Search the data for "exists" and copy every matching line.
═════ Input records
lemma Linfty_ball_set_integral_diff_le:
  assumes \<Omega>: "\<Omega> \<in> lmeasurable" and w: "w \<in> Linfty_ball \<Omega>"
    and S: "S \<in> sets lebesgue" and T: "T \<in> sets lebesgue"
  shows "\<bar>(LINT x:S\<inter>\<Omega>|lebesgue. w x) - (LINT x:T\<inter>\<Omega>|lebesgue. w x)\<bar>
     \<le> measure lebesgue (sym_diff S T \<inter> \<Omega>)"
proof -
  have Im: "A \<inter> \<Omega> \<in> lmeasurable" if "A \<in> sets lebesgue" for A
    using that \<Omega> by (metis fmeasurable_Int_fmeasurable inf_commute)
  have ind: "integrable lebesgue (indicator (A \<inter> \<Omega>) :: R2 \<Rightarrow> real)" if "A \<in> sets lebesgue" for A
    using Im[OF that] by (intro integrable_real_indicator) (auto simp: fmeasurable_def)
  have "(LINT x:S\<inter>\<Omega>|lebesgue. w x) - (LINT x:T\<inter>\<Omega>|lebesgue. w x)
      = (\<integral>x. indicator \<Omega> x * w x * indicator (S \<inter> \<Omega>) x \<partial>lebesgue)
        - (\<integral>x. indicator \<Omega> x * w x * indicator (T \<inter> \<Omega>) x \<partial>lebesgue)"
    unfolding set_lebesgue_integral_def
    by (intro arg_cong2[where f=minus] Bochner_Integration.integral_cong) (auto simp: indicator_def)
  also have "\<bar>\<dots>\<bar> \<le> (\<integral>x. \<bar>indicator (S \<inter> \<Omega>) x - indicator (T \<inter> \<Omega>) x\<bar> \<partial>lebesgue)"
    using S T by (intro Linfty_ball_integral_diff_le w ind)
  also have "\<dots> = (\<integral>x. indicator (sym_diff S T \<inter> \<Omega>) x \<partial>lebesgue)"
    by (intro Bochner_Integration.integral_cong) (auto simp: indicator_def)
  also have "\<dots> = measure lebesgue (sym_diff S T \<inter> \<Omega>)"
    using Im[of "sym_diff S T"] S T by (simp add: fmeasurable_def)
  finally show ?thesis .
qed

lemma Linfty_01_set_integral_bounds:
  assumes \<Omega>: "\<Omega> \<in> lmeasurable" and w: "w \<in> Linfty_01 \<Omega>" and A: "A \<in> sets lebesgue"
  shows "0 \<le> (LINT x:A\<inter>\<Omega>|lebesgue. w x) \<and> (LINT x:A\<inter>\<Omega>|lebesgue. w x) \<le> measure lebesgue (A \<inter> \<Omega>)"
proof
  have w01: "AE x in lebesgue. x \<in> \<Omega> \<longrightarrow> 0 \<le> w x \<and> w x \<le> 1" using w by (simp add: Linfty_01_def)
  have Im: "A \<inter> \<Omega> \<in> lmeasurable" using A \<Omega> by (metis fmeasurable_Int_fmeasurable inf_commute)
  show "0 \<le> (LINT x:A\<inter>\<Omega>|lebesgue. w x)"
    unfolding set_lebesgue_integral_def
    by (rule integral_nonneg_AE) (use w01 in \<open>eventually_elim, auto simp: indicator_def\<close>)
  have "(LINT x:A\<inter>\<Omega>|lebesgue. w x) \<le> (\<integral>x. indicator (A \<inter> \<Omega>) x \<partial>lebesgue)"
    unfolding set_lebesgue_integral_def
  proof (rule integral_mono_AE)
    have "set_integrable lebesgue (A \<inter> \<Omega>) w"
      using set_integrable_subset[OF Linfty_set_integrable[OF \<Omega>]] w A \<Omega>
      by (auto simp: Linfty_01_def fmeasurable_def)
    then show "integrable lebesgue (\<lambda>x. indicator (A \<inter> \<Omega>) x *\<^sub>R w x)"
      by (simp add: set_integrable_def)
    show "integrable lebesgue (indicator (A \<inter> \<Omega>) :: R2 \<Rightarrow> real)"
      using Im by (intro integrable_real_indicator) (auto simp: fmeasurable_def)
    show "AE x in lebesgue. indicator (A \<inter> \<Omega>) x *\<^sub>R w x \<le> indicator (A \<inter> \<Omega>) x"
      using w01 by eventually_elim (auto simp: indicator_def)
  qed
  then show "(LINT x:A\<inter>\<Omega>|lebesgue. w x) \<le> measure lebesgue (A \<inter> \<Omega>)"
    using Im by (simp add: fmeasurable_def)
qed
(* Let $K$ be a number field, let $\alpha,\beta$ be multiplicatively independent positive rational numbers, and let $N$ be a natural number. Let $F\in K[[x^{\mathbb{R}}]]$ be a Hahn series satisfying nontrivial homogeneous equations $\sum_{i=0}^{d_1}P_i(x)F(x^{\alpha^i})=0$ and $\sum_{i=0}^{d_2}Q_i(x)F(x^{\beta^i})=0$ with $P_i,Q_i\in K[x]$, $P_{d_1}\ne0$, $Q_{d_2}\ne0$. Then there is a positive integer $l$ such that $G(x)=F(x^l)$ satisfies $$P(G)\subseteq\bigcap_{|n|,|m|\le N}\mathbb{Z}\big[\alpha^n\beta^m,(\alpha^n\beta^m)^{-1}\big],$$ the intersection being over all integers $n,m$ with $|n|\le N$, $|m|\le N$.
   Context: $K[[x^{\mathbb{R}}]]$ is the field of Hahn series $\sum_{i\in\mathbb{R}} f_ix^i$ ($f_i\in K$) with well-ordered support $P(F)=\{i:f_i\ne0\}$; $F(x^\gamma)=\sum_if_ix^{\gamma i}$. For a positive rational $\gamma$, $\mathbb{Z}[\gamma,\gamma^{-1}]$ is the subring of $\mathbb{Q}$ generated by $\gamma$ and $\gamma^{-1}$. Positive reals $\alpha,\beta$ are multiplicatively independent if $\log\alpha/\log\beta\notin\mathbb{Q}$. *)

theory Defs
  imports Complex_Main "HOL-Computational_Algebra.Polynomial"
begin

text \<open>A number field, viewed (via an embedding) as a subfield K of the complex numbers
  that is finite-dimensional as a vector space over the rationals.\<close>
definition number_field :: "complex set \<Rightarrow> bool" where
  "number_field K \<longleftrightarrow>
     0 \<in> K \<and> 1 \<in> K \<and>
     (\<forall>x\<in>K. \<forall>y\<in>K. x + y \<in> K \<and> x - y \<in> K \<and> x * y \<in> K) \<and>
     (\<forall>x\<in>K. x \<noteq> 0 \<longrightarrow> inverse x \<in> K) \<and>
     (\<exists>B. finite B \<and> B \<subseteq> K \<and>
        (\<forall>x\<in>K. \<exists>c. (\<forall>b\<in>B. c b \<in> \<rat>) \<and> x = (\<Sum>b\<in>B. c b * b)))"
══════════
Response box -
     (\<exists>B. finite B \<and> B \<subseteq> K \<and>
        (\<forall>x\<in>K. \<exists>c. (\<forall>b\<in>B. c b \<in> \<rat>) \<and> x = (\<Sum>b\<in>B. c b * b)))"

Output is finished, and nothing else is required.